TASK INSTRUCTIONS :: Please repeat every entry that follows, keeping each one exactly the same.

Collection entries ::
lemma transient_info_eq:
  "transient_info p = (\<Sum>L<R. block_entropy p R - block_entropy p L - (real R - real L) * h)"
proof -
  have "excess_entropy p + entropy_rate p * real L - block_entropy p L = 0" if "L \<notin> {..<R}" for L
    using that block_entropy_affine[of L]
    by (simp add: excess_entropy_eq entropy_rate_eq of_nat_diff algebra_simps)
  then have "transient_info p = (\<Sum>L<R. excess_entropy p + entropy_rate p * real L - block_entropy p L)"
    unfolding transient_info_def by (intro suminf_finite) simp_all
  then show ?thesis
    by (simp add: excess_entropy_eq entropy_rate_eq algebra_simps)
qed

end

lemma sum_lessThan_real_diff: "(\<Sum>L<R. real R - real L) = real R * (real R + 1) / 2"
proof (induction R)
  case (Suc R)
  have "(\<Sum>L<Suc R. real (Suc R) - real L) = (\<Sum>L<R. real R - real L) + real R + 1"
    by (simp add: sum.distrib add_diff_eq[symmetric])
  then show ?case
    using Suc by (simp add: field_simps)
qed simp

theorem theorem1:
  fixes p :: "'a::finite list \<Rightarrow> real" and R :: nat
  assumes "stationary_process p" and "1 \<le> R" and "markov_order R p"
  shows "sync_info R p = transient_info p + 1/2 * real R * (real R + 1) * entropy_rate p"
proof -
  interpret markov p R
    using assms(1,3) by unfold_locales
  have "sync_info R p - transient_info p = (\<Sum>L<R. (real R - real L) * h)"
    by (simp add: sync_info_eq transient_info_eq sum_subtractf[symmetric])
  also have "\<dots> = real R * (real R + 1) / 2 * entropy_rate p"
    by (simp add: sum_distrib_right[symmetric] sum_lessThan_real_diff entropy_rate_eq)
  finally show ?thesis
    by simp
qed

end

OUTPUT FOR THIS EXERCISE ::
lemma transient_info_eq:
  "transient_info p = (\<Sum>L<R. block_entropy p R - block_entropy p L - (real R - real L) * h)"
proof -
  have "excess_entropy p + entropy_rate p * real L - block_entropy p L = 0" if "L \<notin> {..<R}" for L
    using that block_entropy_affine[of L]
    by (simp add: excess_entropy_eq entropy_rate_eq of_nat_diff algebra_simps)
  then have "transient_info p = (\<Sum>L<R. excess_entropy p + entropy_rate p * real L - block_entropy p L)"
    unfolding transient_info_def by (intro suminf_finite) simp_all
  then show ?thesis
    by (simp add: excess_entropy_eq entropy_rate_eq algebra_simps)
qed

end

lemma sum_lessThan_real_diff: "(\<Sum>L<R. real R - real L) = real R * (real R + 1) / 2"
proof (induction R)
  case (Suc R)
  have "(\<Sum>L<Suc R. real (Suc R) - real L) = (\<Sum>L<R. real R - real L) + real R + 1"
    by (simp add: sum.distrib add_diff_eq[symmetric])
  then show ?case
    using Suc by (simp add: field_simps)
qed simp

theorem theorem1:
  fixes p :: "'a::finite list \<Rightarrow> real" and R :: nat
  assumes "stationary_process p" and "1 \<le> R" and "markov_order R p"
  shows "sync_info R p = transient_info p + 1/2 * real R * (real R + 1) * entropy_rate p"
proof -
  interpret markov p R
    using assms(1,3) by unfold_locales
  have "sync_info R p - transient_info p = (\<Sum>L<R. (real R - real L) * h)"
    by (simp add: sync_info_eq transient_info_eq sum_subtractf[symmetric])
  also have "\<dots> = real R * (real R + 1) / 2 * entropy_rate p"
    by (simp add: sum_distrib_right[symmetric] sum_lessThan_real_diff entropy_rate_eq)
  finally show ?thesis
    by simp
qed

end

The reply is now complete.